(Beginning of Source information)

text \<open>
  Both parts of the covariance matrix are Gram matrices. The signal part contributes
  \<open>\<Sum>k. S k * |\<Sum>m. dft g (k - (m - \<delta>) b) * x m|\<^sup>2 \<ge> 0\<close>. In the noise part, shifting the
  frequency by \<open>(m' - m) b\<close> amounts to modulating \<open>g\<close> by \<open>exp (2\<pi>i t (m' - m) / M)\<close>, so
  by Parseval its form is \<open>\<sigma>\<^sub>0\<^sup>2 L \<Sum>t<L. |g t|\<^sup>2 |X t|\<^sup>2\<close> with the \<open>M\<close>-periodic
  \<open>X t = \<Sum>m. exp (2\<pi>i t m / M) x m\<close>. Grouping \<open>t\<close> by its residue mod \<open>M\<close> bounds this below by
  \<open>\<sigma>\<^sub>0\<^sup>2 L b K\<^sub>g \<Sum>t<M. |X t|\<^sup>2\<close>, which is \<open>\<sigma>\<^sub>0\<^sup>2 L b M K\<^sub>g \<parallel>x\<parallel>\<^sup>2\<close> by Parseval on \<open>\<int>/M\<close>;
  the factor \<open>L b M \<ge> 1\<close> comes from the unnormalised DFT. A coercive form has trivial kernel,
  so the matrix is invertible.
\<close>

lemma sum_powers_root_of_unity:
  fixes z :: "'a :: field"
  assumes "z ^ N = 1"
  shows "(\<Sum>k<N. z ^ k) = (if z = 1 then of_nat N else 0)"
  using assms by (simp add: geometric_sum)

lemma sum_exp_orthogonality:
  fixes N t t' :: nat
  assumes N: "N > 0" and t: "t < N" and t': "t' < N"
  shows "(\<Sum>k<N. exp (2*pi*\<i> * of_nat k * of_nat t / of_nat N) * exp (- (2*pi*\<i> * of_nat k * of_nat t' / of_nat N)))
         = (if t = t' then of_nat N else 0)"
proof -
  define w where "w j = exp (2 * of_real pi * \<i> * of_nat j / of_nat N)" for j
  define z where "z = w t / w t'"
  have "exp (2*pi*\<i> * of_nat k * of_nat t / of_nat N) * exp (- (2*pi*\<i> * of_nat k * of_nat t' / of_nat N)) = z ^ k" for k
  proof -
    have pow: "w j ^ k = exp (2*pi*\<i> * of_nat k * of_nat j / of_nat N)" for j
      unfolding w_def exp_of_nat_mult[symmetric] by (simp add: mult_ac)
    have "z ^ k = w t ^ k / w t' ^ k"
      by (simp add: z_def power_divide)
    then show ?thesis
      unfolding pow by (simp add: exp_minus divide_inverse)
  qed
  moreover have "z ^ N = 1"
    using N by (simp add: z_def power_divide w_def complex_root_unity)
  moreover have "z = 1 \<longleftrightarrow> t = t'"
    using N t t' by (simp add: z_def w_def complex_root_unity_eq)
  ultimately show ?thesis
    by (simp add: sum_powers_root_of_unity)
qed

definition qform :: "nat \<Rightarrow> (nat \<Rightarrow> nat \<Rightarrow> complex) \<Rightarrow> (nat \<Rightarrow> complex) \<Rightarrow> complex" where
  "qform M C x = (\<Sum>m<M. (\<Sum>m'<M. C m m' * x m') * cnj (x m))"

lemma qform_add: "qform M (\<lambda>m m'. A m m' + B m m') x = qform M A x + qform M B x"
  unfolding qform_def by (simp add: distrib_right sum.distrib)

lemma qform_gram:
  fixes w :: "'i \<Rightarrow> real" and h :: "'i \<Rightarrow> nat \<Rightarrow> complex"
  assumes "finite I"
  shows "qform M (\<lambda>m m'. \<Sum>k\<in>I. of_real (w k) * cnj (h k m) * h k m') x
       = of_real (\<Sum>k\<in>I. w k * (cmod (\<Sum>m<M. h k m * x m))\<^sup>2)"
proof -
  define T where "T k m' m = of_real (w k) * (h k m' * x m') * (cnj (h k m) * cnj (x m))" for k m' m
  have "qform M (\<lambda>m m'. \<Sum>k\<in>I. of_real (w k) * cnj (h k m) * h k m') x = (\<Sum>m<M. \<Sum>m'<M. \<Sum>k\<in>I. T k m' m)"
    unfolding qform_def sum_distrib_right T_def by (intro sum.cong refl) (simp add: mult_ac)
  also have "\<dots> = (\<Sum>m'<M. \<Sum>m<M. \<Sum>k\<in>I. T k m' m)"
    by (rule sum.swap)
  also have "\<dots> = (\<Sum>m'<M. \<Sum>k\<in>I. \<Sum>m<M. T k m' m)"
    by (rule sum.cong[OF refl], rule sum.swap)
  also have "\<dots> = (\<Sum>k\<in>I. \<Sum>m'<M. \<Sum>m<M. T k m' m)"
    by (rule sum.swap)
  also have "\<dots> = (\<Sum>k\<in>I. of_real (w k) * ((\<Sum>m'<M. h k m' * x m') * cnj (\<Sum>m<M. h k m * x m)))"
    by (simp only: cnj_sum complex_cnj_mult sum_product) (simp only: T_def sum_distrib_left mult.assoc)
  also have "\<dots> = of_real (\<Sum>k\<in>I. w k * (cmod (\<Sum>m<M. h k m * x m))\<^sup>2)"
    unfolding of_real_sum of_real_mult complex_norm_square ..
  finally show ?thesis .
qed

lemma invertible_if_qform_coercive:
  fixes C :: "nat \<Rightarrow> nat \<Rightarrow> complex"
  assumes c: "c > 0" and coercive: "\<And>x. Re (qform M C x) \<ge> c * (\<Sum>m<M. (cmod (x m))\<^sup>2)"
  shows "\<exists>D :: nat \<Rightarrow> nat \<Rightarrow> complex.
            (\<forall>i<M. \<forall>j<M. (\<Sum>l<M. C i l * D l j) = (if i = j then 1 else 0)) \<and>
            (\<forall>i<M. \<forall>j<M. (\<Sum>l<M. D i l * C l j) = (if i = j then 1 else 0))"
proof -
  define A where "A = Matrix.mat M M (\<lambda>(i, j). C i j)"
  have A: "A \<in> carrier_mat M M" by (simp add: A_def)
  have "Determinant.det A \<noteq> 0"
  proof
    assume "Determinant.det A = 0"
    then obtain v where v: "v \<in> carrier_vec M" "v \<noteq> 0\<^sub>v M" "A *\<^sub>v v = 0\<^sub>v M"
      using det_0_iff_vec_prod_zero[OF A] by auto
    define x where "x l = (if l < M then v $ l else 0)" for l
    have "(\<Sum>m'<M. C m m' * x m') = (A *\<^sub>v v) $ m" if "m < M" for m
      using that v(1) by (auto simp: A_def scalar_prod_def x_def lessThan_atLeast0 intro!: sum.cong)
    then have "qform M C x = 0" using v(3) by (simp add: qform_def)
    with coercive[of x] have "c * (\<Sum>m<M. (cmod (x m))\<^sup>2) \<le> 0"
      by simp
    then have "(\<Sum>m<M. (cmod (x m))\<^sup>2) = 0"
      using c by (meson antisym sum_nonneg zero_le_power2 mult_le_0_iff not_le)
    then have "\<forall>m<M. (cmod (x m))\<^sup>2 = 0"
      by (subst (asm) sum_nonneg_eq_0_iff) auto
    then have "v = 0\<^sub>v M" using v(1) by (intro eq_vecI) (auto simp: x_def)
    with v(2) show False by simp
  qed
  then obtain B where B: "B \<in> carrier_mat M M" "B * A = 1\<^sub>m M" "A * B = 1\<^sub>m M"
    using det_non_zero_imp_unit[OF A, of "()"] unfolding Units_def ring_mat_def by auto
  have "(A * B) $$ (i, j) = (\<Sum>l<M. C i l * B $$ (l, j))"
    and "(B * A) $$ (i, j) = (\<Sum>l<M. B $$ (i, l) * C l j)" if "i < M" "j < M" for i j
    using that A B(1) by (auto simp: A_def scalar_prod_def lessThan_atLeast0 intro!: sum.cong)
  with B show ?thesis by (intro exI[of _ "\<lambda>i j. B $$ (i, j)"]) auto
qed

definition fourier_mode :: "nat \<Rightarrow> nat \<Rightarrow> nat \<Rightarrow> complex" where
  "fourier_mode M m t = exp (2*pi*\<i> * of_nat t * of_nat m / of_nat M)"

lemma cnj_fourier_mode:
  "cnj (fourier_mode M m t) = exp (- (2*pi*\<i> * of_nat t * of_nat m / of_nat M))"
  by (simp add: fourier_mode_def exp_cnj)

lemma fourier_mode_periodic:
  assumes "M > 0"
  shows "fourier_mode M m (t + j * M) = fourier_mode M m t"
proof -
  have "2*pi*\<i> * of_nat (t + j * M) * of_nat m / of_nat M
      = 2*pi*\<i> * of_nat t * of_nat m / of_nat M + of_nat (j * m) * (2*pi*\<i>)"
    using assms by (simp add: field_simps)
  then have "fourier_mode M m (t + j * M) = fourier_mode M m t * exp (of_nat (j * m) * (2*pi*\<i>))"
    by (simp only: fourier_mode_def exp_add)
  also have "exp (of_nat (j * m) * (2*pi*\<i>)) = 1"
    by (simp only: exp_of_nat_mult) (simp add: mult.commute)
  finally show ?thesis by simp
qed

lemma sum_fourier_mode_orthogonality:
  assumes "M > 0" "m < M" "m' < M"
  shows "(\<Sum>t<M. cnj (fourier_mode M m t) * fourier_mode M m' t) = (if m = m' then of_nat M else 0)"
proof -
  have "(\<Sum>t<M. cnj (fourier_mode M m t) * fourier_mode M m' t)
      = (\<Sum>t<M. exp (2*pi*\<i> * of_nat t * of_nat m' / of_nat M) * exp (- (2*pi*\<i> * of_nat t * of_nat m / of_nat M)))"
    unfolding cnj_fourier_mode unfolding fourier_mode_def by (simp only: mult.commute)
  also have "\<dots> = (if m' = m then of_nat M else 0)"
    by (rule sum_exp_orthogonality[OF assms(1) assms(3,2)])
  finally show ?thesis by auto
qed

lemma parseval_fourier_modes:
  assumes "M > 0"
  shows "(\<Sum>t<M. (cmod (\<Sum>m<M. fourier_mode M m t * x m))\<^sup>2) = real M * (\<Sum>m<M. (cmod (x m))\<^sup>2)"
proof -
  have "of_real (\<Sum>t<M. 1 * (cmod (\<Sum>m<M. fourier_mode M m t * x m))\<^sup>2)
      = qform M (\<lambda>m m'. \<Sum>t<M. of_real 1 * cnj (fourier_mode M m t) * fourier_mode M m' t) x"
    by (rule qform_gram[symmetric]) simp
  also have "\<dots> = (\<Sum>m<M. (\<Sum>m'<M. (if m = m' then x m' * of_nat M else 0)) * cnj (x m))"
    unfolding qform_def using sum_fourier_mode_orthogonality[OF assms]
    by (intro sum.cong refl arg_cong2[where f = times]) auto
  also have "\<dots> = of_real (real M * (\<Sum>m<M. (cmod (x m))\<^sup>2))"
    unfolding of_real_mult of_real_sum complex_norm_square sum_distrib_left
    by (simp add: algebra_simps)
  finally show ?thesis by (simp only: of_real_eq_iff mult_1)
qed

lemma dft_parseval:
  assumes L: "L > 0"
  shows "(\<Sum>k<L. cnj (dft L g (real k)) * dft L h (real k)) = of_nat L * (\<Sum>t<L. cnj (g t) * h t)"
proof -
  define e where "e k t = exp (2*pi*\<i> * of_nat k * of_nat t / of_nat L)" for k t
  define e' where "e' k t = exp (- (2*pi*\<i> * of_nat k * of_nat t / of_nat L))" for k t
  have "cnj (dft L g (real k)) * dft L h (real k) = (\<Sum>t<L. \<Sum>t'<L. cnj (g t) * h t' * (e k t * e' k t'))" for k
  proof -
    have "cnj (dft L g (real k)) = (\<Sum>t<L. cnj (g t) * e k t)"
      by (simp add: dft_def e_def exp_cnj)
    moreover have "dft L h (real k) = (\<Sum>t'<L. h t' * e' k t')"
      by (simp add: dft_def e'_def)
    ultimately show ?thesis
      by (simp only: sum_product) (simp only: mult_ac)
  qed
  then have "(\<Sum>k<L. cnj (dft L g (real k)) * dft L h (real k))
      = (\<Sum>t<L. \<Sum>t'<L. cnj (g t) * h t' * (\<Sum>k<L. e k t * e' k t'))"
    by (simp only: sum_distrib_left) (subst sum.swap, rule sum.cong[OF refl], rule sum.swap)
  also have "\<dots> = (\<Sum>t<L. \<Sum>t'<L. if t = t' then cnj (g t) * h t' * of_nat L else 0)"
    using sum_exp_orthogonality[OF L] by (intro sum.cong refl) (simp add: e_def e'_def)
  also have "\<dots> = of_nat L * (\<Sum>t<L. cnj (g t) * h t)"
    by (simp add: sum_distrib_left mult_ac)
  finally show ?thesis .
qed

lemma dft_shift_eq_dft_modulation:
  assumes "L = M * b" "M > 0" "b > 0"
  shows "dft L g (real k - (real m' - real m) * real b)
       = dft L (\<lambda>t. g t * cnj (fourier_mode M m t) * fourier_mode M m' t) (real k)"
  unfolding dft_def
proof (rule sum.cong[OF refl])
  fix t
  have "cnj (fourier_mode M m t) * fourier_mode M m' t * exp (- (2*pi*\<i> * of_nat k * of_nat t / of_nat L))
      = exp (- (2*pi*\<i> * of_nat t * of_nat m / of_nat M) + 2*pi*\<i> * of_nat t * of_nat m' / of_nat M
             + - (2*pi*\<i> * of_nat k * of_nat t / of_nat L))"
    unfolding cnj_fourier_mode by (simp only: fourier_mode_def exp_add)
  also have "\<dots> = exp (- (2*pi*\<i> * complex_of_real (real k - (real m' - real m) * real b) * of_nat t / of_nat L))"
    using assms by (intro arg_cong[where f = exp]) (simp add: field_simps)
  finally show "g t * exp (- (2*pi*\<i> * complex_of_real (real k - (real m' - real m) * real b) * of_nat t / of_nat L))
      = g t * cnj (fourier_mode M m t) * fourier_mode M m' t * exp (- (2*pi*\<i> * complex_of_real (real k) * of_nat t / of_nat L))"
    by (simp add: mult_ac)
qed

(End of Source information)

**Brief:** Find the lines that mention "subst" in the entries and show them.

**Answer below:**
      by (subst (asm) sum_nonneg_eq_0_iff) auto
    by (simp only: sum_distrib_left) (subst sum.swap, rule sum.cong[OF refl], rule sum.swap)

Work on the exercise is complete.